Records excerpted from a collection
BEGIN
(* Let $(E,\rho_\theta)$ be a complete $b_v(\theta)$ metric space whose function $\theta$ is bounded, and let $S:E\to E$ be such that there is $c\in[0,1)$ with $\rho_\theta(Su,Sw)\le c\,\rho_\theta(u,w)$ for all $u,w\in E$. Then $S$ has a unique fixed point.
   Context: Let $E$ be a nonempty set, $\theta:E\times E\to[1,\infty)$ a function and $v\in\mathbb{N}$. A map $\rho_\theta:E\times E\to[0,\infty)$ is a $b_v(\theta)$ metric (and $(E,\rho_\theta)$ a $b_v(\theta)$ metric space) if for all $u,w\in E$: $\rho_\theta(u,w)=0$ iff $u=w$; $\rho_\theta(u,w)=\rho_\theta(w,u)$; and for all $u,z_1,\dots,z_v,w\in E$ pairwise distinct, $\rho_\theta(u,w)\le\theta(u,w)[\rho_\theta(u,z_1)+\rho_\theta(z_1,z_2)+\dots+\rho_\theta(z_{v-1},z_v)+\rho_\theta(z_v,w)]$. A sequence $\{u_n\}$ converges to $u$ if for every $\varepsilon>0$ there is $n_0$ with $\rho_\theta(u_n,u)<\varepsilon$ for all $n\ge n_0$; it is Cauchy if for every $\varepsilon>0$ there is $n_0$ with $\rho_\theta(u_n,u_{n+p})<\varepsilon$ for all $n\ge n_0$ and $p>0$; the space is complete if every Cauchy sequence converges in $E$. *)

theory Defs
  imports "HOL-Analysis.Analysis"
begin

text \<open>The intermediate points z_1,...,z_v are given by a
function z on indices 1..v; u, z 1, ..., z v, w are required pairwise distinct.\<close>

definition bv_metric :: "nat \<Rightarrow> ('a \<Rightarrow> 'a \<Rightarrow> real) \<Rightarrow> ('a \<Rightarrow> 'a \<Rightarrow> real) \<Rightarrow> bool" where
  "bv_metric v \<theta> \<rho> \<longleftrightarrow>
     (\<forall>u w. \<theta> u w \<ge> 1) \<and>
     (\<forall>u w. \<rho> u w \<ge> 0) \<and>
     (\<forall>u w. \<rho> u w = 0 \<longleftrightarrow> u = w) \<and>
     (\<forall>u w. \<rho> u w = \<rho> w u) \<and>
     (\<forall>u w (z::nat \<Rightarrow> 'a).
        (let p = (\<lambda>i. if i = 0 then u else if i = Suc v then w else z i) in
           inj_on p {0..Suc v}) \<longrightarrow>
        \<rho> u w \<le> \<theta> u w * (\<rho> u (z 1) + (\<Sum>i\<in>{1..<v}. \<rho> (z i) (z (Suc i))) + \<rho> (z v) w))"

definition bv_converges :: "('a \<Rightarrow> 'a \<Rightarrow> real) \<Rightarrow> (nat \<Rightarrow> 'a) \<Rightarrow> 'a \<Rightarrow> bool" where
  "bv_converges \<rho> x l \<longleftrightarrow> (\<forall>\<epsilon>>0. \<exists>n0. \<forall>n\<ge>n0. \<rho> (x n) l < \<epsilon>)"

definition bv_cauchy :: "('a \<Rightarrow> 'a \<Rightarrow> real) \<Rightarrow> (nat \<Rightarrow> 'a) \<Rightarrow> bool" where
  "bv_cauchy \<rho> x \<longleftrightarrow> (\<forall>\<epsilon>>0. \<exists>n0. \<forall>n\<ge>n0. \<forall>p>0. \<rho> (x n) (x (n + p)) < \<epsilon>)"

definition bv_complete :: "('a \<Rightarrow> 'a \<Rightarrow> real) \<Rightarrow> bool" where
  "bv_complete \<rho> \<longleftrightarrow> (\<forall>x. bv_cauchy \<rho> x \<longrightarrow> (\<exists>l. bv_converges \<rho> x l))"

end

theory Submission
  imports Defs
begin

(* A b_v(theta) metric satisfies a polygon inequality only along pairwise distinct points,
   so the contraction argument has to keep its chains injective. If S had no fixed point,
   every Picard orbit x_n = S^n x_0 would be injective. Bounding theta by M and choosing
   N >= v with M c^N < 1, the chain x_0, x_1, ..., x_(v-1), x_N, x_p gives
   rho(x_0, x_p) <= M K + M c^N rho(x_0, x_(p-N)) with K independent of p, so the orbit is
   bounded; since rho(x_n, x_(n+p)) <= c^n rho(x_0, x_p), it is Cauchy. Its limit l is a
   fixed point, because the chain l, x_(n+1), ..., x_(n+v), S l has length tending to 0. *)

lemma bv_metric_theta_ge_1: "bv_metric v \<theta> \<rho> \<Longrightarrow> \<theta> u w \<ge> 1"
  and bv_metric_nonneg: "bv_metric v \<theta> \<rho> \<Longrightarrow> \<rho> u w \<ge> 0"
  and bv_metric_eq_0_iff: "bv_metric v \<theta> \<rho> \<Longrightarrow> \<rho> u w = 0 \<longleftrightarrow> u = w"
  and bv_metric_commute: "bv_metric v \<theta> \<rho> \<Longrightarrow> \<rho> u w = \<rho> w u"
  unfolding bv_metric_def by auto

lemma bv_metric_polygon:
  assumes "bv_metric v \<theta> \<rho>" and "\<theta> u w \<le> M"
    and "inj_on z {1..v}" and "u \<notin> z ` {1..v}" and "w \<notin> z ` {1..v}" and "u \<noteq> w"
  shows "\<rho> u w \<le> M * (\<rho> u (z 1) + (\<Sum>i\<in>{1..<v}. \<rho> (z i) (z (Suc i))) + \<rho> (z v) w)"
proof -
  let ?polygon = "\<rho> u (z 1) + (\<Sum>i\<in>{1..<v}. \<rho> (z i) (z (Suc i))) + \<rho> (z v) w"
  have "inj_on (\<lambda>i. if i = 0 then u else if i = Suc v then w else z i) {0..Suc v}"
    using assms(3-6) by (intro inj_onI) (auto simp: inj_on_eq_iff split: if_splits)
  then have "\<rho> u w \<le> \<theta> u w * ?polygon"
    using assms(1) unfolding bv_metric_def Let_def by blast
  also have "\<dots> \<le> M * ?polygon"
    using assms(2) bv_metric_nonneg[OF assms(1)]
    by (intro mult_right_mono add_nonneg_nonneg sum_nonneg) auto
  finally show ?thesis .
qed

lemma bv_metric_eq_if_le_scaled:
  assumes "bv_metric v \<theta> \<rho>" and "k < 1" and "\<rho> a b \<le> k * \<rho> a b"
  shows "a = b"
proof -
  have "(1 - k) * \<rho> a b \<le> 0" using assms(3) by (simp add: algebra_simps)
  then have "\<rho> a b \<le> 0" using assms(2) by (simp add: mult_le_0_iff)
  then show ?thesis
    using bv_metric_nonneg[OF assms(1)] bv_metric_eq_0_iff[OF assms(1)] by (meson antisym)
qed

lemma bv_converges_iff_tendsto:
  assumes "bv_metric v \<theta> \<rho>"
  shows "bv_converges \<rho> x l \<longleftrightarrow> (\<lambda>n. \<rho> (x n) l) \<longlonglongrightarrow> 0"
  using bv_metric_nonneg[OF assms] unfolding bv_converges_def LIMSEQ_iff by simp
END
• Work to complete: Find every line of the data above that holds the word "using", then state how many there are and nothing else.

• Response box: 7